Принимая его за представителя лучших людей, его обслуживали здесь как в гранд-отеле; не успел он выпить свой кофе, как вошла милая пожилая дама – на бейджике с её именем значилось: «Ресторанная служба» – и спросила, не принести ли ему ещё кофе.
– Опять двойной эспрессо? Ваш сын сказал нам, что вы предпочитаете именно это.
– Мой сын?
– Да, который организовал для вас отдельную палату. Разве не прекрасно, когда дети так трогательно пекутся о своих родителях?

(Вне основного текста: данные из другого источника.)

lemma sum_order_eq_if_RP_UF_eq:
  assumes "3 \<le> m" "generic m x" "generic m x'"
    and "\<And>a b. a \<in> {1..m} \<Longrightarrow> b \<in> {1..m} \<Longrightarrow> x a < x b \<longleftrightarrow> x' a < x' b"
    and "RP_UF m x = RP_UF m x'"
  shows "sum_order m x = sum_order m x'"
proof
  fix q :: "nat \<times> nat \<times> nat \<times> nat"
  obtain i j k l where q: "q = (i, j, k, l)" by (cases q)
  have ord': "x' a < x' b \<longleftrightarrow> x a < x b" if "a \<in> {1..m}" "b \<in> {1..m}" for a b
    using assms(4)[OF that] by blast
  show "sum_order m x q = sum_order m x' q"
    using sum_order_mono_if_RP_UF_subset[OF assms(1-4), of i j k l]
      sum_order_mono_if_RP_UF_subset[OF assms(1,3,2) ord', of i j k l] assms(5)
    unfolding q by blast
qed

section \<open>Chambers of the mid-hyperplane arrangement\<close>

definition generic_points :: "nat \<Rightarrow> (nat \<Rightarrow> real) set" where
  "generic_points m = {x. generic m x}"

lemma generic_notin_mid_arr:
  assumes "3 \<le> m" "generic m x" "H \<in> mid_arr m"
  shows "x \<notin> H"
proof -
  from assms(3) consider (braid) i j where "1 \<le> i" "i < j" "j \<le> m" "H = {x \<in> Rm m. x i = x j}"
    | (mid) i j k l where "distinct [i, j, k, l]" "1 \<le> i" "i < j" "j \<le> m" "i < k" "k < l" "l \<le> m"
        "H = {x \<in> Rm m. x i + x j = x k + x l}"
    unfolding mid_arr_def braid_arr_def by blast
  then show ?thesis
  proof cases
    case braid
    then show ?thesis using generic_inj_on[OF assms(2,1)] by (auto dest: inj_onD)
  next
    case mid
    then have "x i + x j \<noteq> x k + x l"
      by (intro generic_sum_neq[OF assms(2)]) (auto simp: doubleton_eq_iff)
    then show ?thesis using mid by auto
  qed
qed

lemma avoids_braid_arr_inj_on:
  assumes "x \<in> Rm m" "x \<notin> \<Union>(braid_arr m)"
  shows "inj_on x {1..m}"
proof (rule inj_onI, rule ccontr)
  fix i j assume ij: "i \<in> {1..m}" "j \<in> {1..m}" "x i = x j" "i \<noteq> j"
  then have "1 \<le> min i j" "min i j < max i j" "max i j \<le> m" by auto
  then have "{y \<in> Rm m. y (min i j) = y (max i j)} \<in> braid_arr m"
    unfolding braid_arr_def by blast
  then have "x (min i j) \<noteq> x (max i j)" using assms by blast
  then show False using ij(3) by (auto simp: min_def max_def split: if_splits)
qed

lemma avoids_mid_arr_sum_neq:
  assumes "x \<in> Rm m" "x \<notin> \<Union>(mid_arr m)" "distinct [i, j, k, l]" "{i, j, k, l} \<subseteq> {1..m}"
  shows "x i + x j \<noteq> x k + x l"
proof -
  have normal: "x a + x b \<noteq> x c + x d"
    if "distinct [a, b, c, d]" "{a, b, c, d} \<subseteq> {1..m}" "a < b" "c < d" "a < c" for a b c d
  proof -
    have "{y \<in> Rm m. y a + y b = y c + y d} \<in> mid_arr m"
      unfolding mid_arr_def
      by (rule UnI2, rule CollectI, rule exI[of _ a], rule exI[of _ b], rule exI[of _ c],
          rule exI[of _ d]) (use that in simp)
    then show ?thesis using assms(1,2) by blast
  qed
  define a b c d where "a = min i j" and "b = max i j" and "c = min k l" and "d = max k l"
  have sums: "x i + x j = x a + x b" "x k + x l = x c + x d"
    unfolding a_def b_def c_def d_def by (simp_all add: min_def max_def)
  have abcd: "distinct [a, b, c, d]" "{a, b, c, d} \<subseteq> {1..m}" "a < b" "c < d"
    using assms(3,4) unfolding a_def b_def c_def d_def by (auto simp: min_def max_def)
  show ?thesis
  proof (cases "a < c")
    case True
    then show ?thesis using normal[OF abcd] sums by simp
  next
    case False
    then have "c < a" using abcd(1) by auto
    moreover have "distinct [c, d, a, b]" "{c, d, a, b} \<subseteq> {1..m}" using abcd(1,2) by auto
    ultimately show ?thesis using normal[of c d a b] abcd(3,4) sums by fastforce
  qed
qed

lemma Rm_minus_mid_arr:
  assumes "3 \<le> m"
  shows "Rm m - \<Union>(mid_arr m) = generic_points m"
proof (intro equalityI subsetI)
  fix x assume x: "x \<in> Rm m - \<Union>(mid_arr m)"
  then have inj: "inj_on x {1..m}"
    by (intro avoids_braid_arr_inj_on) (auto simp: mid_arr_def)
  have "generic m x"
  proof (rule genericI)
    show "x \<in> Rm m" using x by blast
    fix i j k l
    assume ijkl: "i \<in> {1..m}" "j \<in> {1..m}" "k \<in> {1..m}" "l \<in> {1..m}" "i \<noteq> j" "k \<noteq> l"
      and pairs: "{i, j} \<noteq> {k, l}"
    show "x i + x j \<noteq> x k + x l"
    proof (cases "distinct [i, j, k, l]")
      case True
      then show ?thesis using avoids_mid_arr_sum_neq x ijkl(1-4) by auto
    next
      case False
      then consider "i = k" "j \<noteq> l" | "i = l" "j \<noteq> k" | "j = k" "i \<noteq> l" | "j = l" "i \<noteq> k"
        using ijkl(5,6) pairs by (auto simp: doubleton_eq_iff)
      then show ?thesis using inj ijkl(1-4) by cases (auto dest: inj_onD)
    qed
  qed
  then show "x \<in> generic_points m" unfolding generic_points_def by simp
next
  fix x assume "x \<in> generic_points m"
  then have "generic m x" by (simp add: generic_points_def)
  moreover from this have "x \<in> Rm m" unfolding generic_def by blast
  ultimately show "x \<in> Rm m - \<Union>(mid_arr m)" using generic_notin_mid_arr[OF assms] by blast
qed

lemma connected_sign_const:
  fixes f :: "'a::topological_space \<Rightarrow> real"
  assumes "connected S" "continuous_on S f" "\<And>v. v \<in> S \<Longrightarrow> f v \<noteq> 0" "v \<in> S" "w \<in> S"
  shows "f v < 0 \<longleftrightarrow> f w < 0"
proof -
  have interval: "c \<in> f ` S" if "a \<in> f ` S" "b \<in> f ` S" "a \<le> c" "c \<le> b" for a b c
    using connected_continuous_image[OF assms(2,1)] that unfolding connected_iff_interval by blast
  have "0 \<notin> f ` S" using assms(3) by auto
  then show ?thesis using interval[of "f v" "f w" 0] interval[of "f w" "f v" 0] assms(4,5) by force
qed

lemma generic_sum_neq_quad:
  assumes "3 \<le> m" "generic m v" "(i, j, k, l) \<in> index_quads m" "{i, j} \<noteq> {k, l}"
  shows "v i + v j \<noteq> v k + v l"
proof (cases "i = j")
  case True
  then have "k = l" "i \<noteq> k" using assms(3,4) by (auto simp: index_quads_def)
  then show ?thesis
    using True assms(3) generic_inj_on[OF assms(2,1)] by (auto simp: index_quads_def dest: inj_onD)
next
  case False
  then show ?thesis
    using assms(3,4) by (intro generic_sum_neq[OF assms(2)]) (auto simp: index_quads_def)
qed

lemma sum_order_eq_on_connected:
  assumes "3 \<le> m" "connected S" "S \<subseteq> generic_points m" "v \<in> S" "w \<in> S"
  shows "sum_order m v = sum_order m w"
proof
  fix q :: "nat \<times> nat \<times> nat \<times> nat"
  obtain i j k l where q: "q = (i, j, k, l)" by (cases q)
  show "sum_order m v q = sum_order m w q"
  proof (cases "q \<in> index_quads m \<and> {i, j} \<noteq> {k, l}")
    case False
    then show ?thesis unfolding q by (auto simp: sum_order_def doubleton_eq_iff)
  next
    case True
    define f where "f u = u i + u j - (u k + u l)" for u :: "nat \<Rightarrow> real"
    have coord: "continuous_on S (\<lambda>u::nat \<Rightarrow> real. u a)" for a
      by (rule continuous_on_subset[OF continuous_on_product_coordinates]) simp
    have "continuous_on S f" unfolding f_def by (intro continuous_on_diff continuous_on_add coord)
    moreover have "f u \<noteq> 0" if "u \<in> S" for u
      using generic_sum_neq_quad[OF assms(1), of u i j k l] True assms(3) that
      unfolding f_def q generic_points_def by auto
    moreover have "sum_order m u q \<longleftrightarrow> f u < 0" for u
      using True unfolding q sum_order_def f_def by auto
    ultimately show ?thesis using connected_sign_const[OF assms(2)] assms(4,5) by blast
  qed
qed

lemma convex_comb_strict_less:
  fixes a b c d t :: real
  assumes "a < c" "b < d" "0 \<le> t" "t \<le> 1"
  shows "(1 - t) * a + t * b < (1 - t) * c + t * d"
proof (cases "t = 1")
  case False
  then have "(1 - t) * a < (1 - t) * c" using assms by simp
  moreover have "t * b \<le> t * d" using assms by (simp add: mult_left_mono)
  ultimately show ?thesis by simp
qed (use assms in simp)

lemma generic_convex_comb:
  assumes "generic m x" "generic m w" "sum_order m x = sum_order m w" "0 \<le> t" "t \<le> 1"
  shows "generic m (\<lambda>i. (1 - t) * x i + t * w i)"
proof -
  define z where "z i = (1 - t) * x i + t * w i" for i
  have "generic m z"
  proof (rule genericI)
    show "z \<in> Rm m" using assms(1,2) unfolding z_def generic_def Rm_def by simp
    fix i j k l
    assume ijkl: "i \<in> {1..m}" "j \<in> {1..m}" "k \<in> {1..m}" "l \<in> {1..m}" "i \<noteq> j" "k \<noteq> l"
      and pairs: "{i, j} \<noteq> {k, l}"
    have "x i + x j \<noteq> x k + x l" "w i + w j \<noteq> w k + w l"
      using generic_sum_neq[OF assms(1) ijkl pairs] generic_sum_neq[OF assms(2) ijkl pairs] .
    moreover have "x i + x j < x k + x l \<longleftrightarrow> w i + w j < w k + w l"
      "x k + x l < x i + x j \<longleftrightarrow> w k + w l < w i + w j"
      using assms(3) ijkl by (metis sum_order_pair)+
    ultimately consider "x i + x j < x k + x l" "w i + w j < w k + w l"
      | "x k + x l < x i + x j" "w k + w l < w i + w j" by linarith
    then show "z i + z j \<noteq> z k + z l"
    proof cases
      case 1
      then have "(1 - t) * (x i + x j) + t * (w i + w j) < (1 - t) * (x k + x l) + t * (w k + w l)"
        using convex_comb_strict_less assms(4,5) by blast
      then show ?thesis unfolding z_def by (simp add: algebra_simps)
    next
      case 2
      then have "(1 - t) * (x k + x l) + t * (w k + w l) < (1 - t) * (x i + x j) + t * (w i + w j)"
        using convex_comb_strict_less assms(4,5) by blast
      then show ?thesis unfolding z_def by (simp add: algebra_simps)
    qed
  qed
  then show ?thesis unfolding z_def by simp
qed

lemma connected_component_generic_points:
  assumes "3 \<le> m" "x \<in> generic_points m"
  shows "connected_component_set (generic_points m) x
    = {w \<in> generic_points m. sum_order m w = sum_order m x}"
proof (intro equalityI subsetI)
  fix w assume w: "w \<in> connected_component_set (generic_points m) x"
  have "x \<in> connected_component_set (generic_points m) x" using assms(2) by simp
  then have "sum_order m w = sum_order m x"
    using sum_order_eq_on_connected[OF assms(1) _ connected_component_subset w] by simp
  then show "w \<in> {w \<in> generic_points m. sum_order m w = sum_order m x}"
    using connected_component_subset w by blast
next
  fix w assume w: "w \<in> {w \<in> generic_points m. sum_order m w = sum_order m x}"
  define g where "g t = (\<lambda>i. (1 - t) * x i + t * w i)" for t :: real
  have "continuous_on {0..1} g" unfolding g_def
    by (intro continuous_on_coordinatewise_then_product continuous_intros)
  then have "connected (g ` {0..1})" by (rule connected_continuous_image) simp
  moreover have "g ` {0..1} \<subseteq> generic_points m"
    using generic_convex_comb w assms(2) unfolding g_def generic_points_def by auto
  moreover have "x \<in> g ` {0..1}" "w \<in> g ` {0..1}"
    by (force simp: g_def intro: image_eqI[of _ _ 0] image_eqI[of _ _ 1])+
  ultimately show "w \<in> connected_component_set (generic_points m) x"
    by (simp add: connected_componentI)
qed

lemma card_image_eq_if_same_fibres:
  assumes "\<And>x y. x \<in> A \<Longrightarrow> y \<in> A \<Longrightarrow> f x = f y \<longleftrightarrow> g x = g y"
  shows "card (f ` A) = card (g ` A)"
proof -
  define h where "h u = g (inv_into A f u)" for u
  have hf: "h (f a) = g a" if "a \<in> A" for a
  proof -
    have "inv_into A f (f a) \<in> A" "f (inv_into A f (f a)) = f a"
      using that by (auto intro: inv_into_into f_inv_into_f)
    then show ?thesis unfolding h_def using assms[OF _ that] by simp
  qed
  have "inj_on h (f ` A)"
  proof (rule inj_onI)
    fix u v assume "u \<in> f ` A" "v \<in> f ` A" "h u = h v"
    then obtain a b where "a \<in> A" "b \<in> A" "u = f a" "v = f b" "g a = g b"
      using hf by (metis imageE)
    then show "u = v" using assms by simp
  qed
  moreover have "h ` f ` A = g ` A" using hf by (simp add: image_image cong: image_cong)
  ultimately show ?thesis by (metis card_image)
qed
lemma card_chambers_mid_arr:
  assumes "3 \<le> m"
  shows "card (chambers m (mid_arr m)) = card (sum_order m ` generic_points m)"
proof -
  define K where "K x = {w \<in> generic_points m. sum_order m w = sum_order m x}" for x
  have "chambers m (mid_arr m) = (connected_component_set (generic_points m)) ` generic_points m"
    unfolding chambers_def Rm_minus_mid_arr[OF assms] by blast
  also have "\<dots> = K ` generic_points m"
    using connected_component_generic_points[OF assms] unfolding K_def by (rule image_cong[OF refl])
  finally have "card (chambers m (mid_arr m)) = card (K ` generic_points m)" by simp
  also have "\<dots> = card (sum_order m ` generic_points m)"
  proof (rule card_image_eq_if_same_fibres)
    fix x y assume "x \<in> generic_points m"
    show "K x = K y \<longleftrightarrow> sum_order m x = sum_order m y"
    proof
      assume "K x = K y"
      then have "x \<in> K y" using \<open>x \<in> generic_points m\<close> by (auto simp: K_def)
      then show "sum_order m x = sum_order m y" by (simp add: K_def)
    qed (simp add: K_def)
  qed
  finally show ?thesis .
qed

section \<open>Sorting the coordinates\<close>

definition coords_increasing :: "nat \<Rightarrow> (nat \<Rightarrow> real) \<Rightarrow> bool" where
  "coords_increasing m x \<longleftrightarrow> (\<forall>i. 1 \<le> i \<and> i < m \<longrightarrow> x i < x (Suc i))"

definition sorted_generic_points :: "nat \<Rightarrow> (nat \<Rightarrow> real) set" where
  "sorted_generic_points m = {x. generic m x \<and> coords_increasing m x}"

Завтрак после этого уже не казался ему таким вкусным.
Маркус?
Голова Вайлемана в минувшие бессознательные часы сделала было паузу, в которой она уже остро нуждалась, но теперь ему снова вспомнилось всё, что знали Маркус и Элиза и что могло означать лишь одно: что он не мог доверять сыну, собственному сыну, что следовало бы даже бояться его, как боишься тех вещей, которые должен был бы понимать, но всё равно не понимаешь.
Маркус знал, что Вайлеман попал сюда? Конечно, в больничном компьютере его имя появилось, а в Управлении правопорядка – чем уж там они занимаются – имеется доступ и к нему. Но разве это не означало, что Маркус за ним следил? Распорядился докладывать ему обо всём, что касалось его отца?
Или ему позвонили отсюда, из больницы? Но с чего бы вдруг они делали это? О его родстве с Маркусом в его журналистском удостоверении не упоминалось. Окей, Вайлеманов не так много, как песка в море, но всё равно никто не станет обзванивать весь список из телефонной книги, хотя книги как таковой уже давно не существует. Но ещё более странно то, что Маркус так трогательно о нём позаботился, отдельная палата и всё такое. Как если бы собака кошке занесла свежую мышь из чистой любви.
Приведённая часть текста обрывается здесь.